Question

Given a link with a maximum transmission rate of 18 Mbps. Only two computers, X and Y, wish to transmit starting at time t = 0 seconds. Computer X sends fileX (1 MiB) and computer Y sends fileY (340 KiB), both starting at time t = 0. Computer X gets the transmission medium first, so Computer Y must wait. For the following calculations, assume maximum transmission rate during transmission. Suppose that entire files are sent as a stream (no packets, no multiplexing). At what time (t = ?) would FileY finish transmitting?
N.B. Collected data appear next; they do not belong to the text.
lemma threshold_win_event_success:
  assumes "1 \<le> s" "s \<le> k" "k \<le> n" "\<sigma> \<in> {1, -1}" "x \<in> threshold_win_event n s k \<sigma>"
  shows "x \<in> outcomes n" "threshold_rule n s x = k" "x k = \<sigma>" "success n (threshold_rule n s) x"
proof -
  have x: "x i \<in> threshold_win_values s k \<sigma> i" if "i \<in> {1..n}" for i
    by (rule PiE_mem[OF assms(5)[unfolded threshold_win_event_def] that])
  have "threshold_win_event n s k \<sigma> \<subseteq> outcomes n"
    using assms(4) unfolding threshold_win_event_def outcomes_def
    by (intro PiE_mono) (auto simp: threshold_win_values_def)
  thus "x \<in> outcomes n"
    using assms(5) by blast
  show "x k = \<sigma>"
    using x[of k] assms by (auto simp: threshold_win_values_def)
  moreover have "\<forall>j\<in>{s..<k}. x j = 0"
  proof
    fix j assume "j \<in> {s..<k}"
    thus "x j = 0"
      using x[of j] assms(1,3) by (auto simp: threshold_win_values_def)
  qed
  ultimately show "threshold_rule n s x = k"
    using assms unfolding threshold_rule_eq_iff by auto
  moreover have "\<forall>i\<in>{k<..n}. x i \<noteq> \<sigma>"
  proof
    fix i assume "i \<in> {k<..n}"
    thus "x i \<noteq> \<sigma>"
      using x[of i] assms(1,2) by (auto simp: threshold_win_values_def)
  qed
  ultimately show "success n (threshold_rule n s) x"
    using \<open>x k = \<sigma>\<close> assms(4) unfolding success_def by auto
qed

lemma success_prob_threshold_rule_ge:
  assumes "1 \<le> s" "s \<le> n" "0 \<le> p" "p \<le> 1/2"
  shows "2 * ((1 - p) ^ Suc (n - s) - (1 - 2*p) ^ Suc (n - s)) \<le> success_prob n p (threshold_rule n s)"
proof -
  define K where "K = {..n - s} \<times> {1, -1::int}"
  define E where "E c = threshold_win_event n s (s + fst c) (snd c)" for c
  have E: "x \<in> outcomes n" "threshold_rule n s x = s + fst c" "x (s + fst c) = snd c"
    "success n (threshold_rule n s) x" if "c \<in> K" "x \<in> E c" for c x
    using threshold_win_event_success[of s "s + fst c" n "snd c" x] that assms
    unfolding K_def E_def by auto
  have fin_outcomes: "finite (outcomes n)"
    unfolding outcomes_def by (auto intro!: finite_PiE)
  have "\<forall>c\<in>K. finite (E c)"
    using E(1) by (meson fin_outcomes finite_subset subsetI)
  moreover have "\<forall>c\<in>K. \<forall>d\<in>K. c \<noteq> d \<longrightarrow> E c \<inter> E d = {}"
    using E(2,3) by (metis disjoint_iff add_left_cancel prod_eqI)
  ultimately have "(\<Sum>c\<in>K. sum (outcome_prob n p) (E c)) = sum (outcome_prob n p) (\<Union>(E ` K))"
    by (intro sum.UNION_disjoint[symmetric]) (auto simp: K_def)
  also have "\<dots> \<le> success_prob n p (threshold_rule n s)"
    unfolding success_prob_def using E fin_outcomes outcome_prob_nonneg[OF assms(3,4)]
    by (intro sum_mono2) auto
  finally have "(\<Sum>c\<in>K. sum (outcome_prob n p) (E c)) \<le> success_prob n p (threshold_rule n s)" .
  moreover have "(\<Sum>c\<in>K. sum (outcome_prob n p) (E c)) =
      2 * p * (\<Sum>j<Suc (n - s). (1 - 2*p) ^ j * (1 - p) ^ (n - s - j))"
    using assms(1,2)
    by (simp add: K_def E_def sum.cartesian_product' sum_outcome_prob_threshold_win_event
        lessThan_Suc_atMost sum_distrib_left algebra_simps)
  moreover have "(1 - 2*p) ^ Suc (n - s) - (1 - p) ^ Suc (n - s) =
      - p * (\<Sum>j<Suc (n - s). (1 - 2*p) ^ j * (1 - p) ^ (n - s - j))"
    using diff_power_eq_sum[of "1 - 2*p" "n - s" "1 - p"] by simp
  ultimately show ?thesis
    by (simp add: algebra_simps)
qed

lemma success_prob_le_optimal_success_prob:
  assumes "stopping_time n \<tau>" "0 \<le> p" "p \<le> 1/2"
  shows "success_prob n p \<tau> \<le> optimal_success_prob n p"
  unfolding optimal_success_prob_def
proof (rule cSUP_upper)
  have "finite (outcomes n)"
    unfolding outcomes_def by (auto intro!: finite_PiE)
  hence "success_prob n p \<tau>' \<le> sum (outcome_prob n p) (outcomes n)" for \<tau>'
    unfolding success_prob_def using outcome_prob_nonneg[OF assms(2,3)] by (intro sum_mono2) auto
  thus "bdd_above (success_prob n p ` {\<tau>. stopping_time n \<tau>})"
    by (intro bdd_aboveI2)
qed (use assms in simp)

theorem mainTheorem10:
  fixes n :: nat and p :: real
  assumes "n \<ge> 2"
    and "0 < p" and "p < 1/2"
    and "p \<ge> (2 powr (1 / real (n - 1)) - 1) / (2 * 2 powr (1 / real (n - 1)) - 1)"
  shows "optimal_success_prob n p \<ge> 2 * (2 * 2 powr (1 / real (n - 1)) - 1) powr (1 - real n)
       \<and> 2 * (2 * 2 powr (1 / real (n - 1)) - 1) powr (1 - real n) \<ge> 1/2"
proof -
  define N where "N = n - 1"
  define \<beta> where "\<beta> = 2 powr (1 / real N)"
  define v where "v = 1 / \<beta>"
  have "1 < \<beta>"
    using assms(1) unfolding \<beta>_def N_def by simp
  moreover have "\<beta> ^ N = 2"
    using assms(1) unfolding \<beta>_def N_def by (simp add: powr_realpow[symmetric] powr_powr)
  ultimately have v: "0 < v" "v < 1" "v ^ N = 1/2" "2 / v - 1 = 2 * \<beta> - 1"
    unfolding v_def by (simp_all add: power_divide)
  have "\<beta> - 1 \<le> p * (2 * \<beta> - 1)"
    using assms(4) \<open>1 < \<beta>\<close> unfolding \<beta>_def N_def by (simp add: pos_divide_le_eq mult.commute)
  hence "(1 - 2*p) / (1 - p) \<le> v"
    using assms(3) \<open>1 < \<beta>\<close> unfolding v_def by (simp add: field_simps)
  then obtain m where m: "m \<in> {1..N}" "1 / (2 - v) ^ N \<le> 2 * ((1 - p) ^ m - (1 - 2*p) ^ m)"
    using exists_horizon_success_ge[OF assms(2,3) v(2,3)] by blast
  define s where "s = n - m + 1"
  have s: "1 \<le> s" "s \<le> n" "Suc (n - s) = m"
    using m(1) assms(1) unfolding s_def N_def by auto
  have bound_eq: "2 * (2 * \<beta> - 1) powr (1 - real n) = 1 / (2 - v) ^ N"
    using two_mul_powr_eq_inverse_power[OF v(1-3)] v(4) assms(1) unfolding N_def by simp
  also have "\<dots> \<le> 2 * ((1 - p) ^ Suc (n - s) - (1 - 2*p) ^ Suc (n - s))"
    using m(2) s(3) by simp
  also have "\<dots> \<le> success_prob n p (threshold_rule n s)"
    using success_prob_threshold_rule_ge[OF s(1,2)] assms(2,3) by simp
  also have "\<dots> \<le> optimal_success_prob n p"
    using success_prob_le_optimal_success_prob[OF stopping_time_threshold_rule[OF s(1,2)]] assms(2,3)
    by simp
  finally show ?thesis
    using half_le_inverse_two_minus_power[OF v(1-3)] bound_eq
    unfolding N_def[symmetric] \<beta>_def[symmetric] by simp
qed

end
text \<open>
The expected payoff of strategy \<open>(k, K - k)\<close> is \<open>v\<close> minus
\<open>q ^ k * (v - 1 + r ^ (K - k))\<close> with \<open>q = 1 - p\<close>, \<open>r = 1 - p'\<close>,
and this is a discretely convex function of \<open>k\<close>, so a strategy without profitable
deviation to its neighbours is a best response. For every profile each tier's
fixed-point equation has a unique solution, and it depends continuously on the profile
because the equation is monotone in the acceptance probability. Now let \<open>k\<close> be the
least pure strategy that does not gain by moving up. Either it does not gain by moving
down either, and is a pure equilibrium, or its predecessor \<open>m\<close> gains by moving up to
\<open>k\<close> while \<open>k\<close> gains by moving down to \<open>m\<close>; then by the intermediate value theorem
some mixture of \<open>m\<close> and \<open>k\<close> makes both equally good.
\<close>

lemma tendsto_root_of_mono_family:
  fixes G :: "'a \<Rightarrow> real \<Rightarrow> real" and G0 :: "real \<Rightarrow> real"
  assumes ev: "\<forall>\<^sub>F s in F. r s \<in> {a..b} \<and> G s (r s) = 0 \<and> mono_on {a..b} (G s)"
    and r0: "r0 \<in> {a..b}" "G0 r0 = 0" and strict: "strict_mono_on {a..b} G0"
    and lim: "\<And>x. x \<in> {a..b} \<Longrightarrow> ((\<lambda>s. G s x) \<longlongrightarrow> G0 x) F"
  shows "(r \<longlongrightarrow> r0) F"
proof (rule order_tendstoI)
  fix y assume "y < r0"
  show "\<forall>\<^sub>F s in F. y < r s"
  proof (cases "y < a")
    case True
    with ev show ?thesis by (auto elim: eventually_mono)
  next
    case False
    with \<open>y < r0\<close> r0 have y: "y \<in> {a..b}" by auto
    have "G0 y < 0" using strict_mono_onD[OF strict y r0(1) \<open>y < r0\<close>] r0(2) by simp
    with lim[OF y] have "\<forall>\<^sub>F s in F. G s y < 0" by (rule order_tendstoD)
    with ev show ?thesis
    proof eventually_elim
      case (elim s)
      then show ?case using mono_onD[of "{a..b}" "G s" "r s" y] y by fastforce
    qed
  qed
next
  fix y assume "r0 < y"
  show "\<forall>\<^sub>F s in F. r s < y"
  proof (cases "b < y")
    case True
    with ev show ?thesis by (auto elim: eventually_mono)
  next
    case False
    with \<open>r0 < y\<close> r0 have y: "y \<in> {a..b}" by auto
    have "0 < G0 y" using strict_mono_onD[OF strict r0(1) y \<open>r0 < y\<close>] r0(2) by simp
    with lim[OF y] have "\<forall>\<^sub>F s in F. 0 < G s y" by (rule order_tendstoD)
    with ev show ?thesis
    proof eventually_elim
      case (elim s)
      then show ?case using mono_onD[of "{a..b}" "G s" y "r s"] y by fastforce
    qed
  qed
qed

definition discrete_convex :: "nat \<Rightarrow> (nat \<Rightarrow> real) \<Rightarrow> bool" where
  "discrete_convex K f \<longleftrightarrow> (\<forall>j. 0 < j \<longrightarrow> j < K \<longrightarrow> 2 * f j \<le> f (j - 1) + f (Suc j))"

lemma discrete_convex_increment_mono:
  assumes "discrete_convex K f" "i \<le> j" "j < K"
  shows "f (Suc i) - f i \<le> f (Suc j) - f j"
  using assms(2,3)
proof (induction j rule: dec_induct)
  case (step j)
  then have "2 * f (Suc j) \<le> f j + f (Suc (Suc j))"
    using assms(1) unfolding discrete_convex_def by (metis diff_Suc_1 zero_less_Suc)
  with step show ?case by simp
qed simp

lemma discrete_convex_local_min_is_min:
  assumes f: "discrete_convex K f" and "k \<le> K" "j \<le> K"
    and down: "0 < k \<Longrightarrow> f k \<le> f (k - 1)" and up: "k < K \<Longrightarrow> f k \<le> f (Suc k)"
  shows "f k \<le> f j"
proof (cases "k \<le> j")
  case True
  have "0 \<le> f (Suc i) - f i" if "i \<in> {k..<j}" for i
    using up discrete_convex_increment_mono[OF f, of k i] that \<open>j \<le> K\<close> by force
  then have "0 \<le> (\<Sum>i = k..<j. f (Suc i) - f i)" by (rule sum_nonneg)
  with True show ?thesis by (simp add: sum_Suc_diff')
next
  case False
  then obtain m where m: "k = Suc m" by (cases k) auto
  have "f (Suc i) - f i \<le> 0" if "i \<in> {j..<k}" for i
    using down discrete_convex_increment_mono[OF f, of i m] that m \<open>k \<le> K\<close> by force
  then have "(\<Sum>i = j..<k. f (Suc i) - f i) \<le> 0" by (rule sum_nonpos)
  with False show ?thesis by (simp add: sum_Suc_diff')
qed

lemma discrete_convex_power_mix:
  fixes q r w :: real
  assumes "0 \<le> q" "0 \<le> r" "0 \<le> w"
  shows "discrete_convex K (\<lambda>j. q ^ j * (w + r ^ (K - j)))"
  unfolding discrete_convex_def
proof (intro allI impI)
  fix j assume "0 < j" "j < K"
  obtain m where m: "j = Suc m" using \<open>0 < j\<close> gr0_implies_Suc by blast
  obtain t where t: "K = Suc (j + t)" using \<open>j < K\<close> less_imp_Suc_add by blast
  have "q ^ (j - 1) * (w + r ^ (K - (j - 1))) + q ^ Suc j * (w + r ^ (K - Suc j))
      - 2 * (q ^ j * (w + r ^ (K - j))) = q ^ m * (w * (1 - q)\<^sup>2 + r ^ t * (r - q)\<^sup>2)"
    unfolding m t by (simp add: power2_eq_square algebra_simps)
  moreover have "0 \<le> q ^ m * (w * (1 - q)\<^sup>2 + r ^ t * (r - q)\<^sup>2)"
    using assms by (intro mult_nonneg_nonneg add_nonneg_nonneg) simp_all
  ultimately show "2 * (q ^ j * (w + r ^ (K - j)))
      \<le> q ^ (j - 1) * (w + r ^ (K - (j - 1))) + q ^ Suc j * (w + r ^ (K - Suc j))"
    by linarith
qed

text \<open>
One tier of hospitals, of mass \<open>H\<close>, facing doctors of mass \<open>D\<close>: the share \<open>c k\<close> of the
doctors sends \<open>n k\<close> applications to this tier, in turn, until one of them is accepted;
each is accepted independently with probability \<open>x\<close>. Then \<open>load c x\<close> is the mean number
of applications per hospital and \<open>matched c x\<close> the mass of matched doctors per hospital,
and \<open>balanced\<close> is the tier's equation from \<open>fixed_point\<close>.
\<close>

locale tier =
  fixes D H :: real and K :: nat and n :: "nat \<Rightarrow> nat"
  assumes D_pos: "0 < D" and H_pos: "0 < H"
begin

definition load :: "(nat \<Rightarrow> real) \<Rightarrow> real \<Rightarrow> real" where
  "load c x = D / H * (\<Sum>k\<le>K. c k * (\<Sum>i<n k. (1 - x) ^ i))"

definition matched :: "(nat \<Rightarrow> real) \<Rightarrow> real \<Rightarrow> real" where
  "matched c x = D / H * (\<Sum>k\<le>K. c k * (1 - (1 - x) ^ n k))"

definition excess :: "(nat \<Rightarrow> real) \<Rightarrow> real \<Rightarrow> real" where
  "excess c x = matched c x - (1 - exp (- load c x))"

definition balanced :: "(nat \<Rightarrow> real) \<Rightarrow> real \<Rightarrow> bool" where
  "balanced c x \<longleftrightarrow> 0 < x \<and> x \<le> 1 \<and>
     D * (\<Sum>k\<le>K. c k * (1 - (1 - x) ^ n k)) = H * (1 - exp (- load c x)) \<and>
     (load c x = 0 \<longrightarrow> x = 1)"
lemma frame_map_adjugate_inverse:
  fixes v :: "'i \<Rightarrow>\<^sub>0 int"
  assumes lw: "frag_dot I l w = 1" and lq: "frag_dot I l q = 0"
    and nw: "frag_dot I n w = 0" and nq: "frag_dot I n q = 1"
    and det: "(1 + c11) * (1 + c22) - c12 * c21 = 1"
  defines "u \<equiv> v + frame_map I l n w q c11 c12 c21 c22 v"
  shows "u + frame_map I l n w q c22 (- c12) (- c21) c11 u = v"
proof (rule poly_mapping_eqI)
  fix i
  define \<alpha> where "\<alpha> = frag_dot I l v"
  define \<beta> where "\<beta> = frag_dot I n v"
  have lu: "frag_dot I l u = (1 + c11) * \<alpha> + c12 * \<beta>"
    and nu: "frag_dot I n u = c21 * \<alpha> + (1 + c22) * \<beta>"
    by (simp_all add: u_def frag_dot_frame_map[OF lw lq nw nq] \<alpha>_def \<beta>_def algebra_simps)
  have cw: "c11 * \<alpha> + c12 * \<beta> + (c22 * frag_dot I l u + - c12 * frag_dot I n u) = 0"
  proof -
    have "c11 * \<alpha> + c12 * \<beta> + (c22 * frag_dot I l u + - c12 * frag_dot I n u)
        = \<alpha> * ((1 + c11) * (1 + c22) - c12 * c21 - 1)"
      unfolding lu nu by (simp add: algebra_simps)
    then show ?thesis by (simp add: det)
  qed
  have cq: "c21 * \<alpha> + c22 * \<beta> + (- c21 * frag_dot I l u + c11 * frag_dot I n u) = 0"
  proof -
    have "c21 * \<alpha> + c22 * \<beta> + (- c21 * frag_dot I l u + c11 * frag_dot I n u)
        = \<beta> * ((1 + c11) * (1 + c22) - c12 * c21 - 1)"
      unfolding lu nu by (simp add: algebra_simps)
    then show ?thesis by (simp add: det)
  qed
  have ui: "Poly_Mapping.lookup u i = Poly_Mapping.lookup v i
      + (c11 * \<alpha> + c12 * \<beta>) * Poly_Mapping.lookup w i + (c21 * \<alpha> + c22 * \<beta>) * Poly_Mapping.lookup q i"
    by (simp add: u_def lookup_add lookup_frame_map \<alpha>_def \<beta>_def)
  have "Poly_Mapping.lookup (u + frame_map I l n w q c22 (- c12) (- c21) c11 u) i
      = Poly_Mapping.lookup u i
        + (c22 * frag_dot I l u + - c12 * frag_dot I n u) * Poly_Mapping.lookup w i
        + (- c21 * frag_dot I l u + c11 * frag_dot I n u) * Poly_Mapping.lookup q i"
    by (simp add: lookup_add lookup_frame_map)
  also have "\<dots> = Poly_Mapping.lookup v i
        + (c11 * \<alpha> + c12 * \<beta> + (c22 * frag_dot I l u + - c12 * frag_dot I n u)) * Poly_Mapping.lookup w i
        + (c21 * \<alpha> + c22 * \<beta> + (- c21 * frag_dot I l u + c11 * frag_dot I n u)) * Poly_Mapping.lookup q i"
    unfolding ui by (simp add: distrib_right)
  also have "\<dots> = Poly_Mapping.lookup v i"
    by (simp only: cw cq mult_zero_left add_0_right)
  finally show "Poly_Mapping.lookup (u + frame_map I l n w q c22 (- c12) (- c21) c11 u) i = Poly_Mapping.lookup v i" .
qed

lemma bij_betw_frame_map:
  assumes "frag_dot I l w = 1" "frag_dot I l q = 0" "frag_dot I n w = 0" "frag_dot I n q = 1"
    and "(1 + c11) * (1 + c22) - c12 * c21 = 1"
    and "Poly_Mapping.keys w \<subseteq> I" "Poly_Mapping.keys q \<subseteq> I"
  shows "bij_betw (\<lambda>v. v + frame_map I l n w q c11 c12 c21 c22 v)
           (carrier (free_Abelian_group I)) (carrier (free_Abelian_group I))"
proof (rule bij_betw_byWitness[where f' = "\<lambda>v. v + frame_map I l n w q c22 (- c12) (- c21) c11 v"])
  have "(1 + c22) * (1 + c11) - (- c12) * (- c21) = 1"
    using assms(5) by (simp add: algebra_simps)
  from frame_map_adjugate_inverse[OF assms(1-4) this]
  show "\<forall>v\<in>carrier (free_Abelian_group I).
          v + frame_map I l n w q c22 (- c12) (- c21) c11 v
          + frame_map I l n w q c11 c12 c21 c22 (v + frame_map I l n w q c22 (- c12) (- c21) c11 v) = v"
    unfolding minus_minus by blast
  show "\<forall>v\<in>carrier (free_Abelian_group I).
          v + frame_map I l n w q c11 c12 c21 c22 v
          + frame_map I l n w q c22 (- c12) (- c21) c11 (v + frame_map I l n w q c11 c12 c21 c22 v) = v"
    using frame_map_adjugate_inverse[OF assms(1-5)] by blast
  have "Poly_Mapping.keys (frame_map I l n w q c c' d d' v) \<subseteq> I" if "Poly_Mapping.keys v \<subseteq> I"
    for c c' d d' v
    using int_linear_frame_map[OF assms(6,7)] that by (rule int_linearD(3))
  then show "(\<lambda>v. v + frame_map I l n w q c11 c12 c21 c22 v) ` carrier (free_Abelian_group I) \<subseteq> carrier (free_Abelian_group I)"
    and "(\<lambda>v. v + frame_map I l n w q c22 (- c12) (- c21) c11 v) ` carrier (free_Abelian_group I) \<subseteq> carrier (free_Abelian_group I)"
    by (simp_all add: image_subset_iff)
qed

lemma int_linear_cmul: "int_linear I (frag_cmul c)"
  by (simp add: int_linear_def frag_cmul_distrib2 mult.commute)

lemma bij_betw_frag_cmul_unit:
  assumes "\<bar>u\<bar> = 1"
  shows "bij_betw (frag_cmul u) (carrier (free_Abelian_group I)) (carrier (free_Abelian_group I))"
proof -
  have "u = 1 \<or> u = -1" using assms by linarith
  then have "u * u = 1" by auto
  then show ?thesis
    by (intro bij_betw_byWitness[where f' = "frag_cmul u"]) (auto simp: image_subset_iff)
qed

lemma frag_cmul_frame_map:
  "frag_cmul N (frame_map I l n w q c11 c12 c21 c22 v)
     = frame_map I l n w q (N * c11) (N * c12) (N * c21) (N * c22) v"
  by (simp add: frame_map_def frag_cmul_distrib2 algebra_simps)

text \<open>The matrix \<open>1 + N (c\<^sub>i\<^sub>j)\<close> used below has first column \<open>(1 + N c, N d)\<close> and
  determinant \<open>1\<close>; its second column comes from a Bezout relation.\<close>
lemma congruence_map_frame:
  assumes lw: "frag_dot I l w = 1" and lq: "frag_dot I l q = 0"
    and nw: "frag_dot I n w = 0" and nq: "frag_dot I n q = 1"
    and w: "Poly_Mapping.keys w \<subseteq> I" and q: "Poly_Mapping.keys q \<subseteq> I"
    and cop: "coprime (1 + N * c) (N * d)"
  obtains L where "int_linear I L"
    "bij_betw (congruence_map N L) (carrier (free_Abelian_group I)) (carrier (free_Abelian_group I))"
    "congruence_map N L w = frag_cmul (1 + N * c) w + frag_cmul (N * d) q"
proof -
  obtain s t where st: "s * (1 + N * c) + t * (N * d) = 1"
    using cop by (metis bezout_int coprime_iff_gcd_eq_1)
  define L where "L = frame_map I l n w q c (c * t) d (- c * s)"
  have L_eq: "congruence_map N L = (\<lambda>v. v + frame_map I l n w q (N * c) (N * (c * t)) (N * d) (N * (- c * s)) v)"
    by (simp add: L_def congruence_map_def frag_cmul_frame_map fun_eq_iff)
  have "(1 + N * c) * (1 + N * (- c * s)) - N * (c * t) * (N * d)
      = 1 + N * c - N * c * (s * (1 + N * c) + t * (N * d))"
    by (simp add: algebra_simps)
  then have det: "(1 + N * c) * (1 + N * (- c * s)) - N * (c * t) * (N * d) = 1"
    by (simp add: st)
  show ?thesis
  proof
    show "int_linear I L" unfolding L_def using w q by (rule int_linear_frame_map)
    show "bij_betw (congruence_map N L) (carrier (free_Abelian_group I)) (carrier (free_Abelian_group I))"
      unfolding L_eq using lw lq nw nq det w q by (rule bij_betw_frame_map)
    show "congruence_map N L w = frag_cmul (1 + N * c) w + frag_cmul (N * d) q"
      by (simp add: L_eq frame_map_def lw nw frag_cmul_distrib)
  qed
qed

lemma frag_mod_eqE:
  assumes "Poly_Mapping.keys w \<subseteq> I" "Poly_Mapping.keys w' \<subseteq> I"
    and "\<forall>i\<in>I. Poly_Mapping.lookup w i mod N = Poly_Mapping.lookup w' i mod N"
  obtains z where "Poly_Mapping.keys z \<subseteq> I" "w' = w + frag_cmul N z"
proof
  define z where "z = Poly_Mapping.map (\<lambda>x. x div N) (w' - w)"
  have lz: "Poly_Mapping.lookup z i = Poly_Mapping.lookup (w' - w) i div N" for i
    by (simp add: z_def map.rep_eq when_def)
  have dvd: "N dvd Poly_Mapping.lookup (w' - w) i" for i
    using assms by (cases "i \<in> I")
      (auto simp: lookup_minus keys_subset_lookup_eq_0 mod_eq_dvd_iff dvd_diff_commute)
  show "Poly_Mapping.keys z \<subseteq> I"
  proof
    fix i assume "i \<in> Poly_Mapping.keys z"
    then show "i \<in> I"
      using keys_subset_lookup_eq_0[OF assms(1), of i] keys_subset_lookup_eq_0[OF assms(2), of i]
      by (auto simp: in_keys_iff lz lookup_minus)
  qed
  show "w' = w + frag_cmul N z"
    by (rule poly_mapping_eqI) (use dvd in \<open>simp add: lz lookup_add lookup_minus\<close>)
qed

lemma congruence_map_scalar: "congruence_map N (frag_cmul c) v = frag_cmul (1 + N * c) v"
  by (simp add: congruence_map_def frag_cmul_distrib)

lemma bij_betw_congruence_map_scalar:
  assumes "\<bar>1 + N * c\<bar> = 1"
  shows "bij_betw (congruence_map N (frag_cmul c)) (carrier (free_Abelian_group I)) (carrier (free_Abelian_group I))"
  unfolding congruence_map_scalar[abs_def] by (rule bij_betw_frag_cmul_unit[OF assms])

lemma coprime_if_frag_content_eq_1:
  assumes "frag_content I (frag_cmul a w + frag_cmul b q) = 1"
  shows "coprime a b"
proof -
  have "gcd a b dvd frag_content I (frag_cmul a w + frag_cmul b q)"
    by (rule dvd_frag_content) (simp add: lookup_add)
  then show ?thesis using assms by (simp add: coprime_iff_gcd_eq_1)
qed

lemma exists_dual_functional:
  assumes "finite I" "frag_content I q = 1" "frag_dot I l w = 1" "frag_dot I l q = 0"
  obtains n where "frag_dot I n w = 0" "frag_dot I n q = 1"
proof -
  obtain n0 where n0: "frag_dot I n0 q = 1" using frag_content_bezout[OF assms(1), of q] assms(2) by auto
  define n where "n i = n0 i - frag_dot I n0 w * l i" for i
  have "frag_dot I n w = 0" "frag_dot I n q = 1"
    unfolding n_def frag_dot_diff_left using assms(3,4) n0 by simp_all
  then show ?thesis by (rule that)
qed

lemma congruence_map_off_line:
  assumes I: "finite I" and lw: "frag_dot I l w = 1" and w: "Poly_Mapping.keys w \<subseteq> I"
    and z: "Poly_Mapping.keys z \<subseteq> I" "frag_dot I l z = 0" "z \<noteq> 0"
    and primitive: "frag_content I (frag_cmul (1 + N * c) w + frag_cmul N z) = 1"
  obtains L where "int_linear I L"
    "bij_betw (congruence_map N L) (carrier (free_Abelian_group I)) (carrier (free_Abelian_group I))"
    "congruence_map N L w = frag_cmul (1 + N * c) w + frag_cmul N z"
proof -
  define g where "g = frag_content I z"
  define q where "q = frag_primitive I z"
  have q: "Poly_Mapping.keys q \<subseteq> I" "frag_content I q = 1" "frag_cmul g q = z"
    unfolding g_def q_def
    using keys_frag_primitive[OF z(1)] frag_content_primitive[OF z(1,3)]
      frag_cmul_content_primitive[OF z(1)] by auto
  have "g \<noteq> 0" using z by (simp add: g_def frag_content_eq_0_iff)
  then have lq: "frag_dot I l q = 0"
    using arg_cong[OF q(3), of "frag_dot I l"] z(2) by simp
  obtain n where nw: "frag_dot I n w = 0" and nq: "frag_dot I n q = 1"
    using exists_dual_functional[OF I q(2) lw lq] .
  have z_eq: "frag_cmul N z = frag_cmul (N * g) q" using q(3) by auto
  then have "coprime (1 + N * c) (N * g)"
    using primitive by (intro coprime_if_frag_content_eq_1[of I _ w _ q]) simp
  then obtain L where "int_linear I L"
    "bij_betw (congruence_map N L) (carrier (free_Abelian_group I)) (carrier (free_Abelian_group I))"
    "congruence_map N L w = frag_cmul (1 + N * c) w + frag_cmul (N * g) q"
    by (rule congruence_map_frame[OF lw lq nw nq w q(1)])
  then show ?thesis using that z_eq by simp
qed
Give answer in seconds, without units, and round to two decimal places.

Answer 1

Total time taken = 0.62 seconds

Step-by-step explanation:

Transmission rate = 18 Mbps

The size of file X winch will go fast= 11.73 MiB (Mebibyte) = 8.38 Mb(Megabit)

The time it will take to transfer = File size / Transmission rate

= 8.38 / 18 seconds

= 0.46 seconds

Mb in 1 KiB = 116.415

The file Y that will go next has size = 340 Kib

= 340 / 116.41 Mb

= 2.92 Mb

The time it will take to transfer = 2.92 / 18 seconds

= 0.16

Total time = Time taken for file X + Time taken for file Y

= 0.46 + 0.16

= 0.62